Given random variables $A_1,A_2...A_n$ (not events like in Theorem 1.2.3), is this satisfied? $$ \sum_{i=1}^n||\chi_{A_i}(t)|| - \sum_{i <j}^n||\chi_{A_i|A_j}(t).\chi_{A_j}(t)|| \le ||\chi_{\sum_{i=1}^n A_i}(t)||$$
No, the stated Bonferroni style inequality does not hold for characteristic functions. Certainly not in the way you've formulated it, and I can't think of any other way of interpreting the Bonferroni inequality in the context of characteristic functions.

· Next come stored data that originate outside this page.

lemma dilated_norm_sum_eq_imp_eq_1:
  assumes "0 < dilated_norm_sum I \<alpha> \<beta> 1" and "0 < r"
    and "dilated_norm_sum I \<alpha> \<beta> r = dilated_norm_sum I \<alpha> \<beta> 1"
  shows "r = 1"
proof (rule ccontr)
  assume "r \<noteq> 1"
  then consider "r < 1" | "1 < r"
    by linarith
  then show False
  proof cases
    case 1
    then show False
      using dilated_norm_sum_le[of r I \<alpha> \<beta>] assms by (simp add: mult_less_cancel_right1)
  next
    case 2
    then show False
      using dilated_norm_sum_ge[of r I \<alpha> \<beta>] assms by (simp add: mult_le_cancel_right1)
  qed
qed

lemma ex_dilated_norm_sum_eq:
  assumes pos: "0 < dilated_norm_sum I \<alpha> \<beta> 1" and "0 < c"
  obtains r where "0 < r" "dilated_norm_sum I \<alpha> \<beta> r = c"
proof -
  define R where "R = max 1 (c / dilated_norm_sum I \<alpha> \<beta> 1)"
  have "c \<le> R * dilated_norm_sum I \<alpha> \<beta> 1"
    using pos by (simp add: R_def field_simps max_def)
  also have "\<dots> \<le> dilated_norm_sum I \<alpha> \<beta> R"
    by (rule dilated_norm_sum_ge) (simp add: R_def)
  finally have "c \<le> dilated_norm_sum I \<alpha> \<beta> R" .
  moreover have "continuous_on {0..R} (dilated_norm_sum I \<alpha> \<beta>)"
    unfolding dilated_norm_sum_def by (intro continuous_intros)
  moreover have "dilated_norm_sum I \<alpha> \<beta> 0 = 0" "0 \<le> R"
    by (simp_all add: dilated_norm_sum_def R_def)
  ultimately obtain r where "0 \<le> r" "dilated_norm_sum I \<alpha> \<beta> r = c"
    using IVT'[of "dilated_norm_sum I \<alpha> \<beta>" 0 c R] \<open>0 < c\<close> by auto
  moreover have "r \<noteq> 0"
    using \<open>dilated_norm_sum I \<alpha> \<beta> 0 = 0\<close> \<open>0 < c\<close> calculation by auto
  ultimately show ?thesis
    by (intro that) auto
qed

section \<open>Pluecker coordinates\<close>

lemma grassmann42_eq_trace:
  "grassmann42 = {P. transpose P = P \<and> P ** P = P \<and> (\<Sum>i\<in>UNIV. P $ i $ i) = 2}"
proof -
  have "rank P = 2 \<longleftrightarrow> (\<Sum>i\<in>UNIV. P $ i $ i) = 2"
    if "transpose P = P" "P ** P = P" for P :: "real^4^4"
    by (simp flip: rank_eq_trace_if_symmetric_idempotent[OF that])
  then show ?thesis
    unfolding grassmann42_def by blast
qed

(* The orthogonal projection onto the plane with Pluecker coordinates p12 = x$1, p13 = x$2,
   p14 = x$3, p34 = y$1, p42 = y$2, p23 = y$3, provided (x, y) \<in> plucker_pairs. *)
definition plucker_proj :: "real^3 \<Rightarrow> real^3 \<Rightarrow> real^4^4" where
  "plucker_proj x y = (\<chi> i j.
     if i = 1 then
       (if j = 1 then x$1^2 + x$2^2 + x$3^2 else if j = 2 then x$2 * y$3 - x$3 * y$2
        else if j = 3 then x$3 * y$1 - x$1 * y$3 else x$1 * y$2 - x$2 * y$1)
     else if i = 2 then
       (if j = 1 then x$2 * y$3 - x$3 * y$2 else if j = 2 then x$1^2 + y$2^2 + y$3^2
        else if j = 3 then x$1 * x$2 - y$1 * y$2 else x$1 * x$3 - y$1 * y$3)
     else if i = 3 then
       (if j = 1 then x$3 * y$1 - x$1 * y$3 else if j = 2 then x$1 * x$2 - y$1 * y$2
        else if j = 3 then x$2^2 + y$1^2 + y$3^2 else x$2 * x$3 - y$2 * y$3)
     else
       (if j = 1 then x$1 * y$2 - x$2 * y$1 else if j = 2 then x$1 * x$3 - y$1 * y$3
        else if j = 3 then x$2 * x$3 - y$2 * y$3 else x$3^2 + y$1^2 + y$2^2))"

definition plucker_pairs :: "((real^3) \<times> (real^3)) set" where
  "plucker_pairs = {(x, y). x \<bullet> x + y \<bullet> y = 1 \<and> x \<bullet> y = 0}"

lemma plucker_pairs_iff:
  "(x, y) \<in> plucker_pairs \<longleftrightarrow>
     x$1^2 + x$2^2 + x$3^2 + y$1^2 + y$2^2 + y$3^2 = 1 \<and> x$1 * y$1 + x$2 * y$2 + x$3 * y$3 = 0"
  by (simp add: plucker_pairs_def inner_vec_def sum_3 power2_eq_square add.assoc)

Example: $n=2$, take random variables $X=1_A$ and $Y=1_B$ where $A$ and $B$ are independent events. Then $\chi_X(t)=e^{it}P(A)+P(A^c)$, so we can clearly choose $t$ such that $x:=|\chi_X (t)|<1$. Define also $y:=|\chi_Y(t)|$. In this situation, the stated inequality is equivalent to $x+y-xy\leq xy$ i.e. $x+y\leq 2xy$. Combining this with the AM-GM inequality leads to $\sqrt{xy}\leq xy$, which is clearly false when $xy<1$.